ABOUT THIS TASK: For each line in the data that includes "vertex", make a copy.

*** Begin section ***

lemma beta_TDMA_le_window_time:
  assumes "0 < p" "0 \<le> C"
  shows "beta_TDMA C p x l \<le> C * window_time p x l"
proof -
  define f where "f = \<lfloor>x / p\<rfloor>"
  have "x - of_int \<lceil>x / p\<rceil> * (p - l) \<le> window_time p x l"
  proof (cases "\<lceil>x / p\<rceil> = f")
    case True
    then have "x / p = of_int f" unfolding f_def by linarith
    then have "x = of_int f * p" using assms(1) by (simp add: field_simps)
    then show ?thesis unfolding window_time_def f_def[symmetric] True by (simp add: algebra_simps)
  next
    case False
    then have "\<lceil>x / p\<rceil> = f + 1" unfolding f_def by linarith
    then show ?thesis unfolding window_time_def f_def[symmetric] by (simp add: algebra_simps)
  qed
  moreover have "of_int f * l \<le> window_time p x l" unfolding window_time_def f_def by simp
  ultimately show ?thesis unfolding beta_TDMA_def f_def using assms(2) by (simp add: mult_left_mono)
qed

lemma beta_TDMA_nonneg:
  assumes "0 < p" "0 \<le> C" "0 \<le> l" "0 \<le> x"
  shows "0 \<le> beta_TDMA C p x l"
proof -
  have "0 \<le> of_int \<lfloor>x / p\<rfloor> * l" using assms by simp
  then show ?thesis unfolding beta_TDMA_def using assms(2) by simp
qed

locale gate_control_list =
  fixes p :: real and N :: nat and off L :: "int \<Rightarrow> real"
  assumes p_pos: "p > 0" and N_pos: "N \<ge> 1"
    and L_nonneg: "\<And>k. 0 \<le> k \<Longrightarrow> k \<le> int N - 1 \<Longrightarrow> L k \<ge> 0"
    and no_overlap: "\<And>k. 0 \<le> k \<Longrightarrow> k < int N - 1 \<Longrightarrow> off k + L k \<le> off (k + 1)"
    and no_overlap_last: "off (int N - 1) + L (int N - 1) \<le> off 0 + p"
    and o_per: "\<And>k. off (k + int N) = off k + p"
    and L_per: "\<And>k. L (k + int N) = L k"
begin

definition window_end :: "int \<Rightarrow> real" where
  "window_end k = off k + L k"

definition window :: "int \<Rightarrow> real set" where
  "window k = {off k ..< window_end k}"

lemma window_lmeasurable [simp]: "window k \<in> lmeasurable"
  unfolding window_def by simp

lemma off_shift: "off (k + q * int N) = off k + of_int q * p"
  by (rule shift_by_multiple) (rule o_per)

lemma L_shift: "L (k + q * int N) = L k"
  using shift_by_multiple[of L "int N" 0] L_per by simp

lemma window_end_shift: "window_end (k + q * int N) = window_end k + of_int q * p"
  unfolding window_end_def off_shift L_shift by simp
(* Let $(\mathcal{A},m,f)$ be a presheaf of commutative $k$-algebras on a small category $\mathcal{U}$, so that $\bar{\mathbf{C}}'_{\mathrm{GS}}(\mathcal{A})=\bar{\mathbf{C}}'_{\mathrm{tGS}}(\mathcal{A})\oplus\mathbf{C}'_{\mathrm{simp}}(\mathcal{A})$. Let $((m_1,f_1),c_1)\in Z^2\bar{\mathbf{C}}'_{\mathrm{GS}}(\mathcal{A})$, with corresponding first order twisted deformation $\bar{\mathcal{A}}=(\mathcal{A}[\epsilon],m+m_1\epsilon,f+f_1\epsilon,1+c_1\epsilon)$. Then $\bar{\mathcal{A}}$ is a twisted presheaf with central twists, and its underlying presheaf $\underline{\bar{\mathcal{A}}}=(\mathcal{A}[\epsilon],m+m_1\epsilon,f+f_1\epsilon)$ is the first order presheaf deformation corresponding to $(m_1,f_1)\in Z^2\bar{\mathbf{C}}'_{\mathrm{tGS}}(\mathcal{A})$.
   Context: $k$ is a commutative ring, $k[\epsilon]=k[\epsilon]/(\epsilon^2)$. $\mathbf{C}_{\mathrm{GS}}(\mathcal{A})$ is the Gerstenhaber–Schack complex: total complex of $\mathbf{C}^{p,q}(\mathcal{A})=\prod_{\sigma\in\mathcal{N}_p(\mathcal{U})}\mathrm{Hom}_k(\mathcal{A}(c\sigma)^{\otimes q},\mathcal{A}(d\sigma))$ (product over $p$-simplices $\sigma=(d\sigma=U_0\to\cdots\to U_p=c\sigma)$ of the nerve) with componentwise Hochschild and simplicial differentials, $d_{\mathrm{GS}}=(-1)^{n+1}d_{\mathrm{simp}}+d_{\mathrm{Hoch}}$ in degree $n$. $\bar{\mathbf{C}}'$ denotes normalized (vanishing when an argument is $1$) and reduced (vanishing on degenerate simplices) cochains; $\mathbf{C}_{\mathrm{tGS}}$ is the part with $q\ge1$ and $\mathbf{C}_{\mathrm{simp}}$ the row $q=0$. A degree 2 cochain is written $(m_1,f_1,c_1)\in\mathbf{C}^{0,2}\oplus\mathbf{C}^{1,1}\oplus\mathbf{C}^{2,0}$. A twisted presheaf $(\mathcal{A},m,f,c)$ consists of algebras, algebra maps $u^*=f^u$ ($f^{1_U}=1$) and invertible $c^{u,v}\in\mathcal{A}(W)$ ($v\colon W\to V,u\colon V\to U$) with $c^{u,v}v^*u^*(a)=(uv)^*(a)c^{u,v}$, $c^{u,vw}c^{v,w}=c^{uv,w}w^*(c^{u,v})$, $c^{u,1}=c^{1,u}=1$; it has central twists if all $c^{u,v}$ are central, and then its underlying presheaf is $(\mathcal{A},m,f)$. A normalized reduced 2-cocycle $(m_1,f_1,c_1)$ determines the first order twisted deformation $(\mathcal{A}[\epsilon],m+m_1\epsilon,f+f_1\epsilon,1+c_1\epsilon)$ (a twisted presheaf of $k[\epsilon]$-algebras); when $c_1=0$ it is a presheaf deformation. *)

theory Defs
  imports Main "HOL-Library.Product_Plus"
begin
(* For any acyclic hypergraph $\mathcal{H}$, $\kappa(\mathcal{H})=\rho^*(\mathcal{H})$.
   Context: A hypergraph $\mathcal{H}=(V,E)$ (with $V=\bigcup_{e\in E}e$) is acyclic ($\alpha$-acyclic) if it admits a join tree: a tree whose nodes are the edges of $E$ such that for every vertex $v$, the nodes containing $v$ form a connected subtree. For $S\subseteq V$, $\mathcal{H}[S]$ is the hypergraph with vertex set $S$ and edge set $\{S\cap e : e\in E,\ S\cap e\neq\emptyset\}$. $\mathsf{red}(\mathcal{H})$ is obtained by removing every edge $e$ for which there is another edge $e'\neq e$ with $e\subseteq e'$. $\tau^*$ is the value of a maximum fractional edge packing (equivalently, minimum fractional vertex cover) and $\rho^*$ the value of a minimum fractional edge cover. $\kappa(\mathcal{H})=\max_{S\subseteq V}\tau^*(\mathsf{red}(\mathcal{H}[S]))$. *)

theory Defs
  imports Complex_Main
begin

text \<open>A hypergraph is represented by its edge set E; its vertex set is the union of E.\<close>

definition hverts :: "'a set set \<Rightarrow> 'a set" where
  "hverts E = \<Union>E"

definition connected_in :: "'n set set \<Rightarrow> 'n set \<Rightarrow> bool" where
  "connected_in T X \<longleftrightarrow>
     (\<forall>x\<in>X. \<forall>y\<in>X. (x, y) \<in> {(a, b). {a, b} \<in> T \<and> a \<in> X \<and> b \<in> X}\<^sup>*)"

definition is_tree :: "'n set \<Rightarrow> 'n set set \<Rightarrow> bool" where
  "is_tree N T \<longleftrightarrow>
     finite N \<and>
     T \<subseteq> {{a, b} | a b. a \<in> N \<and> b \<in> N \<and> a \<noteq> b} \<and>
     connected_in T N \<and>
     (N \<noteq> {} \<longrightarrow> card T + 1 = card N)"

definition join_tree :: "'a set set \<Rightarrow> 'a set set set \<Rightarrow> bool" where
  "join_tree E T \<longleftrightarrow> is_tree E T \<and>
     (\<forall>v\<in>hverts E. connected_in T {e\<in>E. v \<in> e})"

definition alpha_acyclic :: "'a set set \<Rightarrow> bool" where
  "alpha_acyclic E \<longleftrightarrow> (\<exists>T. join_tree E T)"

definition induced :: "'a set set \<Rightarrow> 'a set \<Rightarrow> 'a set set" where
  "induced E S = {S \<inter> e | e. e \<in> E \<and> S \<inter> e \<noteq> {}}"
theorem mainTheorem10:
  fixes z :: "real \<Rightarrow> real" and W D :: real
  assumes z_nonneg: "\<forall>\<phi>>0. 0 \<le> z \<phi>"
    and z_mono: "antimono_on {0<..} z"
    and z_lsc: "lsc_on {0<..} z"
    and sqrt_int: "(\<integral>\<^sup>+ \<phi>\<in>{0..1}. ennreal (sqrt (c_of z \<phi>)) \<partial>lborel) < \<infinity>"
    and W_pos: "W > 0"
    and deriv0: "((\<lambda>w. enn2real (tau (c_of z) w)) has_real_derivative D) (at_right 0)"
    and linear: "\<forall>w\<in>{0..W}. tau (c_of z) w = ennreal (D * w)"
  shows "\<forall>w\<in>{0<..<W}. \<not> (\<exists>\<psi>. (\<forall>y. 0 \<le> \<psi> y) \<and> integrable lborel \<psi> \<and>
            (\<integral>y. \<psi> y \<partial>lborel) = w \<and> energy (c_of z) \<psi> = tau (c_of z) w)"
proof (intro ballI notI)
  fix w assume w: "w \<in> {0<..<W}"
  assume "\<exists>\<psi>. (\<forall>y. 0 \<le> \<psi> y) \<and> integrable lborel \<psi> \<and>
            (\<integral>y. \<psi> y \<partial>lborel) = w \<and> energy (c_of z) \<psi> = tau (c_of z) w"
  then obtain \<psi> where \<psi>: "\<forall>y. 0 \<le> \<psi> y" "integrable lborel \<psi>" "(\<integral>y. \<psi> y \<partial>lborel) = w"
    and minimal: "energy (c_of z) \<psi> = tau (c_of z) w"
    by blast
  define L where "L = min 2 (W / w)"
  have L: "1 < L" "L * w \<le> W"
    using w by (auto simp: L_def min_def field_simps)
  have "\<exists>g. weak_deriv \<psi> g \<and> dirichlet_energy g \<le> ennreal \<epsilon>" if "\<epsilon> > 0" for \<epsilon>
    using dirichlet_energy_of_minimiser_arbitrarily_small[OF _ borel_measurable_c_of[OF z_mono] \<psi>
        _ L(1) _ that] c_of_nonneg[OF z_nonneg] minimal linear w L
    by (simp add: mult_pos_pos less_imp_le)
  then have "(\<integral>y. \<psi> y \<partial>lborel) = 0"
    using integral_mult_deriv_eq_0_if_dirichlet_energy_small
    by (intro integral_eq_0_if_weak_deriv_0 \<psi>(1,2)) blast
  with w \<psi>(3) show False by simp
qed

*** End section ***

FINISHED EXERCISE:
   Context: A hypergraph $\mathcal{H}=(V,E)$ (with $V=\bigcup_{e\in E}e$) is acyclic ($\alpha$-acyclic) if it admits a join tree: a tree whose nodes are the edges of $E$ such that for every vertex $v$, the nodes containing $v$ form a connected subtree. For $S\subseteq V$, $\mathcal{H}[S]$ is the hypergraph with vertex set $S$ and edge set $\{S\cap e : e\in E,\ S\cap e\neq\emptyset\}$. $\mathsf{red}(\mathcal{H})$ is obtained by removing every edge $e$ for which there is another edge $e'\neq e$ with $e\subseteq e'$. $\tau^*$ is the value of a maximum fractional edge packing (equivalently, minimum fractional vertex cover) and $\rho^*$ the value of a minimum fractional edge cover. $\kappa(\mathcal{H})=\max_{S\subseteq V}\tau^*(\mathsf{red}(\mathcal{H}[S]))$. *)
text \<open>A hypergraph is represented by its edge set E; its vertex set is the union of E.\<close>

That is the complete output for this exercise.